Аня наблюдала за необычной для этого места девушкой, но не решалась подойти. Задержавшись в соседней палате на пару минут, та тоже отправилась в туалет, сжимая что-то в кулаке. Она оказалась решительнее Ани и виновато улыбнулась протянула ей мятую сигарету:
- Курить будешь? Извини, что в таком виде: приходиться спать с ними, а то украдут! Ты, новенькая? Как тебя зовут?
- Аня.
- А меня - Оксана. Очень приятно. Я еще там, в столовой обратила на тебя внимание.
Аня затянулась сизым обволакивающим дымом. Жить стало легче и веселее то ли от никотина, то ли оттого, что родственная душа первая сделала шаг на встречу:
- Я на тебя тоже, – рассмеялась Аня. Странно было бы, если бы мы не заметили друга в этом зверинце.
- Ой, чувихи, дайте разок затянуться, - набежали со всех сторон представительницы местной хищной фауны, - ну не будьте жлобихами! С ближними надо делиться!
Оксана стала виновато оправдываться:
- Хорошо, я оставлю. Я бы вам дала, но у меня больше нет сигарет.

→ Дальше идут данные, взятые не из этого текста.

(* (1) The sets $A$, $A+A$ and $A\times A$ are infinite, but none of them is FSM Mostowski infinite and none is FSM Tarski II infinite. (2) None of $\wp_{fin}(A)$, $\wp_{cofin}(A)$, $\wp_{fs}(A)$, $\wp_{fin}(\wp_{fs}(A))$ is FSM Mostowski infinite. (3) None of $A^A_{fs}$, $T_{fin}(A)^A_{fs}$, $\wp_{fs}(A)^A_{fs}$ is FSM Mostowski infinite.
   Context: Framework (FSM). Work in ZF with a fixed infinite set $A$ of atoms; $S_A$ is the group of bijections of $A$ fixing all but finitely many atoms, acting on $A$ by evaluation; $Fix(S)$ is the set of $\pi\in S_A$ fixing each element of $S\subseteq A$; $S$ supports $x$ if $\pi\cdot x=x$ for all $\pi\in Fix(S)$. Products carry the componentwise action; $X+Y=\{(0,x):x\in X\}\cup\{(1,y):y\in Y\}$ with $\pi\cdot(i,z)=(i,\pi\cdot z)$; subsets carry $\pi\star W=\{\pi\cdot w:w\in W\}$. $\wp_{fs}(A)$: finitely supported subsets of $A$; $\wp_{fin}$: finite subsets; $\wp_{cofin}(A)$: cofinite subsets of $A$; $T_{fin}(A)$: finite injective tuples of atoms with componentwise action. For sets $X,Y$, $Y^X_{fs}$ is the set of finitely supported functions $X\to Y$ (functions $f$ for which some finite $S$ gives $f(\pi\cdot x)=\pi\cdot f(x)$ for all $\pi\in Fix(S)$), with action $(\pi\cdot f)(x)=\pi\cdot f(\pi^{-1}\cdot x)$. $X$ is FSM Mostowski infinite if there exist an infinite finitely supported subset $Y\subseteq X$ and a finitely supported total order on $Y$. $X$ is FSM Tarski II infinite if there is a nonempty finitely supported family of finitely supported subsets of $X$ that is totally ordered by inclusion and has no maximal element. *)

theory Defs
  imports Main
begin

text \<open>Atoms are the elements of a type 'a (assumed infinite in the theorem).
  S_A: bijections of the atoms moving only finitely many atoms.\<close>

definition perm_fin :: "('a \<Rightarrow> 'a) \<Rightarrow> bool" where
  "perm_fin \<pi> \<longleftrightarrow> bij \<pi> \<and> finite {a. \<pi> a \<noteq> a}"

definition Fix :: "'a set \<Rightarrow> ('a \<Rightarrow> 'a) set" where
  "Fix S = {\<pi>. perm_fin \<pi> \<and> (\<forall>a\<in>S. \<pi> a = a)}"

definition supports :: "(('a \<Rightarrow> 'a) \<Rightarrow> 'b \<Rightarrow> 'b) \<Rightarrow> 'a set \<Rightarrow> 'b \<Rightarrow> bool" where
  "supports act S x \<longleftrightarrow> (\<forall>\<pi>\<in>Fix S. act \<pi> x = x)"
(* Let $\mathcal{M}$ be a matroid with set of bases $\mathcal{B}$ and let $d\geq 2$. If $\mathcal{M}$ has a minor $\mathcal{M}'$ isomorphic to the uniform matroid $\mathcal{U}_{d,2d}$, then there exist $B_1,B_2\in\mathcal{B}$ such that $\Delta_{\{B_1,B_2\}}=\binom{2d-1}{d}$.
   Context: $\mathcal{U}_{r,n}$ denotes the uniform matroid of rank $r$ on $n$ elements. A minor of $\mathcal{M}$ is a matroid $(\mathcal{M}\setminus A)/C$ with $A,C$ disjoint subsets of the ground set. For bases $B_1,B_2$ of $\mathcal{M}$, $\Delta_{\{B_1,B_2\}}$ is the number of unordered pairs $\{D_1,D_2\}$ with $D_1,D_2\in\mathcal{B}$ such that $D_1\cup D_2=B_1\cup B_2$ as multisets. *)

theory Defs
  imports Main "HOL-Library.Multiset"
begin

definition matroid :: "'a set \<Rightarrow> 'a set set \<Rightarrow> bool" where
  "matroid E BB \<longleftrightarrow> finite E \<and> BB \<noteq> {} \<and> (\<forall>B\<in>BB. B \<subseteq> E) \<and>
     (\<forall>B1\<in>BB. \<forall>B2\<in>BB. \<forall>x\<in>B1 - B2. \<exists>y\<in>B2 - B1. insert y (B1 - {x}) \<in> BB)"

definition indep :: "'a set set \<Rightarrow> 'a set \<Rightarrow> bool" where
  "indep BB X \<longleftrightarrow> (\<exists>B\<in>BB. X \<subseteq> B)"

definition restrict_bases :: "'a set set \<Rightarrow> 'a set \<Rightarrow> 'a set set" where
  "restrict_bases BB S = {X. X \<subseteq> S \<and> indep BB X \<and> (\<forall>Y. X \<subset> Y \<and> Y \<subseteq> S \<longrightarrow> \<not> indep BB Y)}"

definition delete_bases :: "'a set \<Rightarrow> 'a set set \<Rightarrow> 'a set \<Rightarrow> 'a set set" where
  "delete_bases E BB A = restrict_bases BB (E - A)"

definition contract_bases :: "'a set set \<Rightarrow> 'a set \<Rightarrow> 'a set set" where
  "contract_bases BB C = {B - C | B. B \<in> BB \<and> B \<inter> C \<in> restrict_bases BB C}"

text \<open>Bases of the minor (M \ A) / C; its ground set is E - A - C.\<close>
definition minor_bases :: "'a set \<Rightarrow> 'a set set \<Rightarrow> 'a set \<Rightarrow> 'a set \<Rightarrow> 'a set set" where
  "minor_bases E BB A C = contract_bases (delete_bases E BB A) C"

definition uniform_bases :: "nat \<Rightarrow> nat \<Rightarrow> nat set set" where
  "uniform_bases r n = {X. X \<subseteq> {0..<n} \<and> card X = r}"

definition matroid_iso :: "'a set \<Rightarrow> 'a set set \<Rightarrow> 'b set \<Rightarrow> 'b set set \<Rightarrow> bool" where
  "matroid_iso E BB E' BB' \<longleftrightarrow>
     (\<exists>f. bij_betw f E E' \<and> (\<forall>X. X \<subseteq> E \<longrightarrow> (X \<in> BB \<longleftrightarrow> f ` X \<in> BB')))"

definition Delta :: "'a set set \<Rightarrow> 'a set \<Rightarrow> 'a set \<Rightarrow> nat" where
  "Delta BB B1 B2 = card {{#D1, D2#} | D1 D2. D1 \<in> BB \<and> D2 \<in> BB \<and>
       mset_set D1 + mset_set D2 = mset_set B1 + mset_set B2}"

end

theory Submission
  imports Defs
begin

text \<open>
  Contracting C and deleting A can be undone on the level of bases: there is a fixed set S,
  disjoint from the ground set G of the minor, such that S \<union> P is a basis of M for every basis P
  of the minor. For the minor U_{d,2d} this gives bases S \<union> P for all d-subsets P of G, and
  all of them have cardinality |S| + d. Take B1 = S \<union> P0 and B2 = S \<union> (G - P0). A pair of bases
  whose multiset union is 2S + G must then be {S \<union> P, S \<union> (G - P)} with |P| = d, and
  P and G - P give the same pair. Hence Delta is half the number of d-subsets of a 2d-set,
  i.e. binomial(2d-1, d).
\<close>

lemma matroid_finite: "matroid E BB \<Longrightarrow> finite E"
  by (simp add: matroid_def)

lemma matroid_basis_subset: "matroid E BB \<Longrightarrow> B \<in> BB \<Longrightarrow> B \<subseteq> E"
  by (auto simp: matroid_def)

lemma matroid_basis_finite: "matroid E BB \<Longrightarrow> B \<in> BB \<Longrightarrow> finite B"
  using matroid_finite matroid_basis_subset finite_subset by metis

lemma matroid_exchange:
  "matroid E BB \<Longrightarrow> B1 \<in> BB \<Longrightarrow> B2 \<in> BB \<Longrightarrow> x \<in> B1 - B2 \<Longrightarrow>
   \<exists>y\<in>B2 - B1. insert y (B1 - {x}) \<in> BB"
  by (simp add: matroid_def)

lemma indep_subset: "matroid E BB \<Longrightarrow> indep BB X \<Longrightarrow> X \<subseteq> E"
  by (auto simp: indep_def matroid_def)

lemma indep_finite: "matroid E BB \<Longrightarrow> indep BB X \<Longrightarrow> finite X"
  using indep_subset matroid_finite finite_subset by metis

lemma indep_mono: "indep BB X \<Longrightarrow> Y \<subseteq> X \<Longrightarrow> indep BB Y"
  by (auto simp: indep_def)

lemma basis_indep: "B \<in> BB \<Longrightarrow> indep BB B"
  by (auto simp: indep_def)

lemma matroid_bases_card_le:
  assumes M: "matroid E BB" and B1: "B1 \<in> BB" and B2: "B2 \<in> BB"
  shows "card B2 \<le> card B1"
  using B2
proof (induction "card (B2 - B1)" arbitrary: B2)
  case 0
  then have "B2 \<subseteq> B1"
    using matroid_basis_finite[OF M] by auto
  then show ?case
    using card_mono matroid_basis_finite[OF M B1] by blast
next
  case (Suc n)
  have fin: "finite B2" using Suc.prems matroid_basis_finite[OF M] by blast
  obtain x where x: "x \<in> B2 - B1"
    using Suc.hyps(2) by (metis card.empty ex_in_conv nat.distinct(1))
  obtain y where y: "y \<in> B1 - B2" "insert y (B2 - {x}) \<in> BB"
    using matroid_exchange[OF M Suc.prems B1 x] by blast
  have "insert y (B2 - {x}) - B1 = (B2 - B1) - {x}"
    using x y by auto
  then have "card (insert y (B2 - {x}) - B1) = n"
    using Suc.hyps(2) x fin by simp
  then have "card (insert y (B2 - {x})) \<le> card B1"
    using Suc.hyps(1) y(2) by blast
  moreover have "card (insert y (B2 - {x})) = card B2"
    using x y fin card_Suc_Diff1[of B2 x] by simp
  ultimately show ?case by simp
qed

Кончились.
Толпа недовольно и недоверчиво загула, но тут в туалет зашла Тоня. Нахлебницы тут же схлынули в другой угол помещения, зная непростой нрав старожилки и почитая ее положение на трип - даче:
- Кури, не парься! - Тоня гневно и многозначительно уставилась на упавших на хвост Оксане и Ане. - Она пачку сигарет с фильтром вам раздала, вчера! Где они? А? Я вас спрашиваю? У вас, стерв, еще язык поворачивается после всего у нее еще тягу клянчить? - Тоня, сверкнув татуировкой на руке, повернулась к Оксане: - А ты, дура, думаешь, что тебе здесь кто-то даст затянуться, когда у тебя курево кончиться? Шиш! Не от одной .…зды не дождешься! У них нет ничего и принести им некому! А если, и было, то никто все равно тебе не дал бы! Эти твари за крошку хлеба и щепотку чая готовы родину продать и глотки друг другу грызть! Они здесь прелые листья курят, а ты такое дорогое курево разбазариваешь! На кой хрен пачку вчера раздала? Что теперь курить будешь?
-Да мне еще принесут. Мне не жалко, курите, а здоровье, если можно так выразиться! - Оксана виновато улыбалась. В глубине души она была рада внезапному появлению Тони. Только эта мужеподобная неопределенного возраста женщина могла совладать с этой толпой волчиц, готовых разорвать всех, кто на них не похож.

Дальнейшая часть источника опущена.